WHAT YOU ARE ASKED TO DO :: In the data below, find the line that contains "define b where" and the line that contains "a *\<^sub>R (d". Copy both, plus every line between them, exactly.

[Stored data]
lemma kernel_vector_positive_on_support:
  assumes "linear f" "coord_support v \<subseteq> coord_support d" "f v = 0" "v \<noteq> 0"
  obtains u where "coord_support u \<subseteq> coord_support d" "f u = 0" "\<exists>i. 0 < u$i * d$i"
proof -
  obtain i where "v$i * d$i \<noteq> 0"
    using assms(2,4) by (auto simp: coord_support_def vec_eq_iff)
  show thesis
  proof (cases "0 < v$i * d$i")
    case False
    with \<open>v$i * d$i \<noteq> 0\<close> have "v$i * d$i < 0" by linarith
    then have "0 < (- v)$i * d$i" by simp
    moreover have "coord_support (- v) = coord_support v" "f (- v) = 0"
      using assms(1,3) by (simp_all add: linear_neg coord_support_def)
    ultimately show thesis using that[of "- v"] assms(2) by auto
  qed (use assms that in blast)
qed

lemma conformal_preimage_step:
  fixes f :: "real^'n \<Rightarrow> 'b::real_normed_vector"
  assumes lin: "linear f"
    and u: "coord_support u \<subseteq> coord_support d" "f u = 0" "\<exists>i. 0 < u$i * d$i"
    and IH: "\<And>d'. card (coord_support d') < card (coord_support d) \<Longrightarrow>
      \<exists>p. conformal p d' \<and> f p = f d' \<and> norm p \<le> L * norm (f d')"
  shows "\<exists>p. conformal p d \<and> f p = f d \<and> norm p \<le> L * norm (f d)"
proof -
  obtain s where s: "0 < s" "card (coord_support (d - s *\<^sub>R u)) < card (coord_support d)"
    "sign_compatible (d - s *\<^sub>R u) d" "\<forall>i. 0 \<le> u$i * d$i \<Longrightarrow> conformal (d - s *\<^sub>R u) d"
    using shrink_support[OF u(1,3)] by blast
  have "f (d - s *\<^sub>R u) = f d" using u(2) lin by (simp add: linear_diff linear_scale)
  then obtain p1 where p1: "conformal p1 (d - s *\<^sub>R u)" "f p1 = f d" "norm p1 \<le> L * norm (f d)"
    using IH s(2) by metis
  show ?thesis
  proof (cases "\<forall>i. 0 \<le> u$i * d$i")
    case True
    then show ?thesis using p1 s(4) conformal_trans by blast
  next
    case False
    then have "coord_support (- u) \<subseteq> coord_support d" "\<exists>i. 0 < (- u)$i * d$i"
      using u(1) by (auto simp: coord_support_def not_le)
    then obtain s' where "0 < s'" "card (coord_support (d - s' *\<^sub>R - u)) < card (coord_support d)"
      "sign_compatible (d - s' *\<^sub>R - u) d"
      using shrink_support by blast
    then have s': "0 < s'" "card (coord_support (d + s' *\<^sub>R u)) < card (coord_support d)"
      "sign_compatible (d + s' *\<^sub>R u) d"
      by simp_all
    have "f (d + s' *\<^sub>R u) = f d" using u(2) lin by (simp add: linear_add linear_scale)
    then obtain p2 where p2: "conformal p2 (d + s' *\<^sub>R u)" "f p2 = f d" "norm p2 \<le> L * norm (f d)"
      using IH s'(2) by metis
    define a where "a = s' / (s + s')"
    define b where "b = s / (s + s')"
    have ab: "0 \<le> a" "0 \<le> b" "a + b = 1"
      using s(1) s'(1) by (simp_all add: a_def b_def flip: add_divide_distrib)
    have "d = a *\<^sub>R (d - s *\<^sub>R u) + b *\<^sub>R (d + s' *\<^sub>R u)"
      using s(1) s'(1) by (simp add: a_def b_def algebra_simps flip: scaleR_add_left add_divide_distrib)
    then show ?thesis
      using conformal_convex_combination[OF p1(1) p2(1) s(3) s'(3) ab(1,2)]
        convex_combination_preimage[OF lin ab p1(2) p2(2) p1(3) p2(3)] by blast
  qed
qed

lemma conformal_preimage_bound:
  fixes f :: "real^'n \<Rightarrow> 'b::euclidean_space"
  assumes lin: "linear f"
  obtains L where "0 \<le> L" "\<And>d. \<exists>p. conformal p d \<and> f p = f d \<and> norm p \<le> L * norm (f d)"
proof -
  obtain L where "0 \<le> L" and inj:
    "\<And>d. \<forall>v. coord_support v \<subseteq> coord_support d \<longrightarrow> f v = 0 \<longrightarrow> v = 0 \<Longrightarrow>
      norm d \<le> L * norm (f d)"
    using injective_on_support_bound[OF lin] by blast
  have "\<exists>p. conformal p d \<and> f p = f d \<and> norm p \<le> L * norm (f d)" for d
  proof (induction "card (coord_support d)" arbitrary: d rule: less_induct)
    case less
    show ?case
    proof (cases "\<forall>v. coord_support v \<subseteq> coord_support d \<longrightarrow> f v = 0 \<longrightarrow> v = 0")
      case True
      then show ?thesis using inj conformal_refl by blast
    next
      case False
      then obtain u where "coord_support u \<subseteq> coord_support d" "f u = 0" "\<exists>i. 0 < u$i * d$i"
        using kernel_vector_positive_on_support[OF lin] by blast
      then show ?thesis using conformal_preimage_step[OF lin] less by blast
    qed
  qed
  then show thesis using that \<open>0 \<le> L\<close> by blast
qed

definition hoffman_constant :: "(real^'n \<Rightarrow> 'b::real_normed_vector) \<Rightarrow> real \<Rightarrow> bool" where
  "hoffman_constant f L \<longleftrightarrow> (\<forall>x z. (\<forall>i. 0 \<le> x$i) \<longrightarrow> (\<forall>i. 0 \<le> z$i) \<longrightarrow>
     (\<exists>x'. (\<forall>i. 0 \<le> x'$i) \<and> f x' = f z \<and> norm (x' - x) \<le> L * norm (f z - f x)))"
(* For each $h\in\{1,2\}$, let $\mathrm{oct}_h\in\mathbb{OCT}_n$ be a non-empty rational octagonal shape represented by the strongly closed octagonal graph $G_h=(\mathcal{N},w_h)$, and let $R_h$ be a subgraph of $G_h$ such that $\mathrm{S\text{-}closure}(R_h)=G_h$. Let $G_1\sqcup G_2=(\mathcal{N},w)$. Then $\mathrm{oct}_1\uplus\mathrm{oct}_2\neq\mathrm{oct}_1\cup\mathrm{oct}_2$ if and only if there exist an arc $(i,j)$ of $R_1$ and an arc $(k,\ell)$ of $R_2$ such that (1a) $w_1(i,j)<w_2(i,j)$; (1b) $w_2(k,\ell)<w_1(k,\ell)$; (2a) $w_1(i,j)+w_2(k,\ell)<w(i,\ell)+w(k,j)$; (2b) $w_1(i,j)+w_2(k,\ell)<w(i,\bar k)+w(\bar\jmath,\ell)$; (3a) $2w_1(i,j)+w_2(k,\ell)<w(i,\ell)+w(i,\bar k)+w(\bar\jmath,j)$; (3b) $2w_1(i,j)+w_2(k,\ell)<w(k,j)+w(\bar\jmath,\ell)+w(i,\bar\imath)$; (4a) $w_1(i,j)+2w_2(k,\ell)<w(i,\ell)+w(\bar\jmath,\ell)+w(k,\bar k)$; (4b) $w_1(i,j)+2w_2(k,\ell)<w(k,j)+w(i,\bar k)+w(\bar\ell,\ell)$.
   Context: Let $\mathcal{N}=\{0,\dots,2n-1\}$; node $2s$ stands for $+x_{s+1}$ and node $2s+1$ for $-x_{s+1}$. For $i\in\mathcal{N}$, $\bar\imath=i+1$ if $i$ is even and $\bar\imath=i-1$ if $i$ is odd. For $\mathbf{v}\in\mathbb{R}^n$ let $\tilde\pi_{2s}(\mathbf{v})=v_{s+1}$ and $\tilde\pi_{2s+1}(\mathbf{v})=-v_{s+1}$. A graph is $(\mathcal{N},w)$ with $w:\mathcal{N}\times\mathcal{N}\to\mathbb{Q}\cup\{+\infty\}$ ($d<+\infty$, $d+(+\infty)=+\infty$); $(i,j)$ is an arc if $w(i,j)<+\infty$; it is consistent if no cycle has negative total weight; $G\unlhd G'$ iff $w\le w'$ pointwise. An octagonal graph is a consistent graph with $w(i,j)=w(\bar\jmath,\bar\imath)$ for all $i,j$. It is closed if $w(i,i)=0$ and $w(i,j)\le w(i,k)+w(k,j)$ for all $i,j,k$, and strongly closed if moreover $2w(i,j)\le w(i,\bar\imath)+w(\bar\jmath,j)$ for all $i,j$. $\mathrm{S\text{-}closure}(G)$ is the pointwise maximum of all strongly closed octagonal graphs $G'\unlhd G$. $R$ is a subgraph of $G$ if every arc of $R$ is an arc of $G$ with the same weight. A (rational) octagonal shape is a subset of $\mathbb{R}^n$ defined by finitely many constraints $\pm x_i\le b$, $\pm x_i\pm x_j\le b$ with $b\in\mathbb{Q}$; $\mathbb{OCT}_n$ is the set of them. An octagonal graph $G$ represents $\{\mathbf{x}\in\mathbb{R}^n : \tilde\pi_i(\mathbf{x})-\tilde\pi_j(\mathbf{x})\le w(i,j)\ \forall i,j\in\mathcal{N}\}$. $G_1\sqcup G_2=(\mathcal{N},\max(w_1,w_2))$ pointwise. $\mathrm{oct}_1\uplus\mathrm{oct}_2$ is the least octagonal shape containing $\mathrm{oct}_1\cup\mathrm{oct}_2$, represented by $G_1\sqcup G_2$. *)

theory Defs
  imports "HOL-Analysis.Analysis" "HOL-Library.FuncSet"
begin

text \<open>Nodes are the naturals 0..<2n; node 2s stands for +x_(s+1), node 2s+1 for -x_(s+1).
  Points of R^n are extensional functions on {0..<n} (coordinate s is x_(s+1)).\<close>

definition bar :: "nat \<Rightarrow> nat" where
  "bar i = (if even i then i + 1 else i - 1)"

definition pi_node :: "nat \<Rightarrow> (nat \<Rightarrow> real) \<Rightarrow> real" where
  "pi_node i v = (if even i then v (i div 2) else - v (i div 2))"

type_synonym graph = "nat \<Rightarrow> nat \<Rightarrow> ereal"

definition nodes :: "nat \<Rightarrow> nat set" where
  "nodes n = {0..<2*n}"

definition Rn :: "nat \<Rightarrow> (nat \<Rightarrow> real) set" where
  "Rn n = PiE {0..<n} (\<lambda>_. UNIV)"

SOLUTION ::
    define b where "b = s / (s + s')"
    have ab: "0 \<le> a" "0 \<le> b" "a + b = 1"
      using s(1) s'(1) by (simp_all add: a_def b_def flip: add_divide_distrib)
    have "d = a *\<^sub>R (d - s *\<^sub>R u) + b *\<^sub>R (d + s' *\<^sub>R u)"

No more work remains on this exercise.